玄文社主人の書斎

玄文社主人日々の雑感もしくは読後ノート

中国が怖い

2007年05月24日 | 日記
 九日に発生した光化学スモッグにはびっくりしてしまった。東京でも近頃は発生していない光化学スモッグが、なんでこの田園地帯である新潟県で発生しなければならないのだ。
 県が光化学スモッグ注意報を発令したと聞いて、“そんなばかな”と思ったが、中国から運ばれてくる汚染された大気が原因と聞いて、納得すると同時に背筋が寒くなった。

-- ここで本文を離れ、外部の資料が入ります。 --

(* Let $\mathcal X,\mathcal Y,\mathcal R$ be sets of binary strings, $r\in\mathbb N$, $F$ a random variable taking values in functions $\mathcal X\to\mathcal Y$, $\mathcal Z\subseteq\mathcal Y^r$, $Z$ a distribution on $\mathcal Z$, $g:\mathcal Z\to\mathcal R$ injective, and $\underline v\in\mathcal X^r$ with pairwise distinct entries. Let $U_B,U_C$ be unitaries, $|\psi\rangle$ a state on $B\otimes C$, $q_B,q_C\in\mathbb N$, and let $\{\Pi_B^w\}_{w\in\mathcal R}$ and $\{\Pi_C^w\}_{w\in\mathcal R}$ be families of pairwise orthogonal projectors on $B$ and $C$ respectively, with $\Pi^w=\Pi_B^w\otimes\Pi_C^w$. Then there is a polynomial $p$ (independent of all other data) such that $$\mathbb E_F\,\mathbb E_{\underline z\leftarrow Z}\Big\|\Pi^{g(\underline z)}\Big((U_BO_B^{F_{\underline v,\underline z}})^{q_B}\otimes(U_CO_C^{F_{\underline v,\underline z}})^{q_C}\Big)|\psi\rangle\Big\|^2\le 9p_{\max}+p(q_B,q_C)\sqrt M,$$ where $p_{\max}=\max_{w\in\mathcal R}\Pr_{\underline z\leftarrow Z}[g(\underline z)=w]$ and $$M=\mathbb E_k\,\mathbb E_l\,\mathbb E_F\,\mathbb E_{\underline z\leftarrow Z}\Big\|(P_{\underline v}\otimes P_{\underline v})\Big((U_BO_B^{F_{\underline v,\underline z}})^{k}\otimes(U_CO_C^{F_{\underline v,\underline z}})^{l}\Big)|\psi\rangle\Big\|^2,$$ with $k$ uniform in $\{0,\dots,q_B-1\}$, $l$ uniform in $\{0,\dots,q_C-1\}$.
   Context: For $\underline v\in\mathcal X^r$ with distinct entries and $\underline z\in\mathcal Y^r$, $F_{\underline v,\underline z}$ is the function equal to $F$ except that $F_{\underline v,\underline z}(\underline v_i)=\underline z_i$ for each $i$. For a function $F'$, $O_B^{F'}$ is the oracle unitary $|x\rangle|y\rangle\mapsto|x\rangle|y\oplus F'(x)\rangle$ acting on a query input register (over $\mathcal X$) and output register (over $\mathcal Y$) contained in system $B$ (identity elsewhere); $O_C^{F'}$ likewise on $C$. $P_{\underline v}=\sum_{i=1}^r|\underline v_i\rangle\langle\underline v_i|$ acts on the query input register of the respective system (identity on the rest). *)

theory Defs
  imports "HOL-Probability.Probability" "HOL-Computational_Algebra.Polynomial"
begin

type_synonym bs = "bool list"

(* Basis index of a system containing a query input register (over X),
   an output register (over Y = {0,1}^m) and a remaining workspace (index set W) *)
type_synonym bidx = "bs \<times> bs \<times> nat"

(* Finite-dimensional vectors / operators, with explicit finite carrier (basis) sets *)
type_synonym 'i vect = "'i \<Rightarrow> complex"
type_synonym 'i oper = "'i \<Rightarrow> 'i \<Rightarrow> complex"

definition strings_of_len :: "nat \<Rightarrow> bs set" where
  "strings_of_len m = {y. length y = m}"

definition bxor :: "bs \<Rightarrow> bs \<Rightarrow> bs" where
  "bxor a b = map2 (\<lambda>p q. p \<noteq> q) a b"

definition reg_space :: "bs set \<Rightarrow> nat \<Rightarrow> nat set \<Rightarrow> bidx set" where
  "reg_space X m W = X \<times> strings_of_len m \<times> W"

definition op_mult :: "'i set \<Rightarrow> 'i oper \<Rightarrow> 'i oper \<Rightarrow> 'i oper" where
  "op_mult S A B = (\<lambda>i j. \<Sum>k\<in>S. A i k * B k j)"

definition op_apply :: "'i set \<Rightarrow> 'i oper \<Rightarrow> 'i vect \<Rightarrow> 'i vect" where
  "op_apply S A v = (\<lambda>i. \<Sum>k\<in>S. A i k * v k)"

definition vnorm :: "'i set \<Rightarrow> 'i vect \<Rightarrow> real" where
  "vnorm S v = sqrt (\<Sum>i\<in>S. (cmod (v i))\<^sup>2)"

definition op_id :: "'i set \<Rightarrow> 'i oper" where
  "op_id S = (\<lambda>i j. if i = j \<and> i \<in> S then 1 else 0)"

fun op_pow :: "'i set \<Rightarrow> 'i oper \<Rightarrow> nat \<Rightarrow> 'i oper" where
  "op_pow S A 0 = op_id S"
| "op_pow S A (Suc n) = op_mult S A (op_pow S A n)"

definition supported_op :: "'i set \<Rightarrow> 'i oper \<Rightarrow> bool" where
  "supported_op S A \<longleftrightarrow> (\<forall>i j. i \<notin> S \<or> j \<notin> S \<longrightarrow> A i j = 0)"

definition is_unitary :: "'i set \<Rightarrow> 'i oper \<Rightarrow> bool" where
  "is_unitary S U \<longleftrightarrow> supported_op S U \<and>
     (\<forall>i\<in>S. \<forall>j\<in>S. (\<Sum>k\<in>S. U i k * cnj (U j k)) = (if i = j then 1 else 0))"

definition is_projector :: "'i set \<Rightarrow> 'i oper \<Rightarrow> bool" where
  "is_projector S P \<longleftrightarrow> supported_op S P \<and> (\<forall>i j. P i j = cnj (P j i)) \<and> op_mult S P P = P"

definition is_state :: "'i set \<Rightarrow> 'i vect \<Rightarrow> bool" where
  "is_state S \<psi> \<longleftrightarrow> (\<forall>i. i \<notin> S \<longrightarrow> \<psi> i = 0) \<and> vnorm S \<psi> = 1"

definition tensor :: "'i oper \<Rightarrow> 'j oper \<Rightarrow> ('i \<times> 'j) oper" where
  "tensor A B = (\<lambda>(i1, i2) (j1, j2). A i1 j1 * B i2 j2)"

(* O^f : |x>|y>|w> \<mapsto> |x>|y xor f(x)>|w> on the carrier S *)
definition query_unitary :: "bidx set \<Rightarrow> (bs \<Rightarrow> bs) \<Rightarrow> bidx oper" where
  "query_unitary S f = (\<lambda>(x, y, w) (x', y', w').
     if (x, y, w) \<in> S \<and> (x', y', w') \<in> S \<and> x = x' \<and> w = w' \<and> y = bxor y' (f x) then 1 else 0)"

definition query_op :: "bidx set \<Rightarrow> bidx oper \<Rightarrow> (bs \<Rightarrow> bs) \<Rightarrow> bidx oper" where
  "query_op S U f = op_mult S U (query_unitary S f)"

definition query_proj :: "bidx set \<Rightarrow> bs list \<Rightarrow> bidx oper" where
  "query_proj S v = (\<lambda>(x, y, w) j. if (x, y, w) = j \<and> j \<in> S \<and> x \<in> set v then 1 else 0)"

definition reprogram :: "(bs \<Rightarrow> bs) \<Rightarrow> bs list \<Rightarrow> bs list \<Rightarrow> (bs \<Rightarrow> bs)" where
  "reprogram f v z = foldr (\<lambda>(a, b) h. h(a := b)) (zip v z) f"

(* bivariate real polynomial p(a,b), represented as a polynomial in a with
   coefficients polynomials in b *)
definition eval_poly2 :: "real poly poly \<Rightarrow> real \<Rightarrow> real \<Rightarrow> real" where
  "eval_poly2 P a b = poly (poly P [:b:]) a"

end

theory Submission
  imports Defs
begin

(*
  The reprogrammed oracle F_{v,z} agrees with F off the inputs v, so an oracle step with F_{v,z}
  and one with F differ by at most twice the weight of the query input register on v. Telescoping
  over the queries of both parties bounds the cross difference (A^qB - At^qB)(B^qC - Bt^qC) psi,
  where A, B query F_{v,z} and At, Bt query F, by 4 sum_{k,l} |(P_v x P_v) A^k B^l psi|.
  In each of the three remaining hybrids one party queries the original oracle, so its final
  state does not depend on z; as that party's projectors Pi^w are orthogonal, their weights sum
  to at most 1 over w, and averaging over z bounds the weight of Pi^{g(z)} by p_max.
  Squaring the triangle inequality gives the constants 9 and 16, and Jensen's inequality for the
  square root turns the query weights into sqrt M.
*)

definition sqnorm :: "'i set \<Rightarrow> 'i vect \<Rightarrow> real" where
  "sqnorm S v = (\<Sum>i\<in>S. (cmod (v i))\<^sup>2)"

lemma sqnorm_nonneg: "0 \<le> sqnorm S v"
  unfolding sqnorm_def by (simp add: sum_nonneg)

lemma vnorm_eq_sqrt_sqnorm: "vnorm S v = sqrt (sqnorm S v)"
  unfolding vnorm_def sqnorm_def ..

lemma vnorm_nonneg: "0 \<le> vnorm S v"
  by (simp add: vnorm_eq_sqrt_sqnorm sqnorm_nonneg)

lemma vnorm_power2: "(vnorm S v)\<^sup>2 = sqnorm S v"
  by (simp add: vnorm_eq_sqrt_sqnorm sqnorm_nonneg)

lemma vnorm_le_iff_sqnorm_le: "vnorm S x \<le> vnorm S y \<longleftrightarrow> sqnorm S x \<le> sqnorm S y"
  by (simp add: vnorm_eq_sqrt_sqnorm)

lemma vnorm_eq_L2_set: "vnorm S v = L2_set (\<lambda>i. cmod (v i)) S"
  unfolding vnorm_def L2_set_def ..

lemma vnorm_add_le: "vnorm S (\<lambda>i. x i + y i) \<le> vnorm S x + vnorm S y"
proof -
  have "vnorm S (\<lambda>i. x i + y i) \<le> L2_set (\<lambda>i. cmod (x i) + cmod (y i)) S"
    unfolding vnorm_eq_L2_set by (rule L2_set_mono) (auto intro: norm_triangle_ineq)
  also have "\<dots> \<le> vnorm S x + vnorm S y"
    unfolding vnorm_eq_L2_set by (rule L2_set_triangle_ineq)
  finally show ?thesis .
qed

lemma vnorm_diff_le: "vnorm S (\<lambda>i. x i - y i) \<le> vnorm S x + vnorm S y"
  using vnorm_add_le[of S x "\<lambda>i. - y i"] by (simp add: vnorm_def)

definition cinner :: "'i set \<Rightarrow> 'i vect \<Rightarrow> 'i vect \<Rightarrow> complex" where
  "cinner S x y = (\<Sum>i\<in>S. cnj (x i) * y i)"

lemma cinner_self: "cinner S x x = of_real (sqnorm S x)"
proof -
  have "cnj (x i) * x i = of_real ((cmod (x i))\<^sup>2)" for i
    by (metis complex_norm_square mult.commute)
  then show ?thesis unfolding cinner_def sqnorm_def of_real_sum by simp
qed

lemma norm_cinner_le: "cmod (cinner S x y) \<le> vnorm S x * vnorm S y"
proof -
  have "cmod (cinner S x y) \<le> (\<Sum>i\<in>S. cmod (cnj (x i) * y i))"
    unfolding cinner_def by (rule norm_sum)
  also have "\<dots> = (\<Sum>i\<in>S. \<bar>cmod (x i)\<bar> * \<bar>cmod (y i)\<bar>)"
    by (simp add: norm_mult)
  also have "\<dots> \<le> vnorm S x * vnorm S y"
    unfolding vnorm_eq_L2_set by (rule L2_set_mult_ineq)
  finally show ?thesis .
qed

lemma cinner_sum_left: "cinner S (\<lambda>i. \<Sum>w\<in>W. x w i) y = (\<Sum>w\<in>W. cinner S (x w) y)"
  unfolding cinner_def by (simp add: sum_distrib_right sum.swap[of _ S W])

lemma cinner_sum_right: "cinner S x (\<lambda>i. \<Sum>w\<in>W. y w i) = (\<Sum>w\<in>W. cinner S x (y w))"
  unfolding cinner_def by (simp add: sum_distrib_left sum.swap[of _ S W])

lemma selfadjoint_idempotent_norm:
  assumes selfadjoint: "\<And>x y. cinner S x (G y) = cinner S (G x) y"
    and idempotent: "\<And>x. G (G x) = G x"
  shows "cinner S u (G u) = of_real (sqnorm S (G u))" and "vnorm S (G u) \<le> vnorm S u"
proof -
  show cinner_eq: "cinner S u (G u) = of_real (sqnorm S (G u))"
    using selfadjoint[of u "G u"] idempotent[of u] by (simp add: cinner_self)
  have "(vnorm S (G u))\<^sup>2 \<le> vnorm S u * vnorm S (G u)"
    using norm_cinner_le[of S u "G u"] cinner_eq sqnorm_nonneg[of S "G u"]
    by (simp add: vnorm_power2)
  then show "vnorm S (G u) \<le> vnorm S u"
    using vnorm_nonneg[of S "G u"] vnorm_nonneg[of S u]
    by (metis less_eq_real_def mult_le_cancel_right power2_eq_square)
qed

lemma op_apply_mult: "op_apply S (op_mult S A B) v = op_apply S A (op_apply S B v)"
proof
  fix i
  have "op_apply S (op_mult S A B) v i = (\<Sum>j\<in>S. \<Sum>k\<in>S. A i k * B k j * v j)"
    unfolding op_apply_def op_mult_def by (simp only: sum_distrib_right)
  also have "\<dots> = (\<Sum>k\<in>S. \<Sum>j\<in>S. A i k * B k j * v j)"
    by (rule sum.swap)
  also have "\<dots> = op_apply S A (op_apply S B v) i"
    unfolding op_apply_def by (simp only: sum_distrib_left mult.assoc)
  finally show "op_apply S (op_mult S A B) v i = op_apply S A (op_apply S B v) i" .
qed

三カ月前に経済発展の著しい中国上海を訪れたばかりだ。車の排気ガスと、工場の煤煙によると思われる薄汚れた空気に、“いったいこれからどうなるのだろう”と慄然としたことを覚えている。
 中国をめぐるスキャンダラスな事件が続いている。“にせものディズニーランド”なんかはまだ可愛い方で、中国製の薬剤で死者が出ているとか、中国製のペットフードで大量の犬や猫が死んでいるとかいう話が伝わってくる。
 薬やペットフードに関しては、それを使用しないという選択ができるが、人間として生きている以上、大気を吸わないという選択はできないから、どうしてみようもないではないか。
 黄砂もそうだが、汚染された大気も、いやおうもなくまず日本海側を直撃する。かつて“裏日本”と呼ばれた地域は、なんでこんなものを受け入れなければならないのだろう。
 進出の続く日本企業の責任もあるのかも知れない。しかし、日本企業は一時も早く中国に環境対策の技術を輸出しなければいけない。公害が一国の内部で完結する時代は終わった。光化学スモッグによる被害が県内で多発多発し、市内でも被害があったことを考えると、環境問題が国境を越えた問題であることを実感させられるのであった。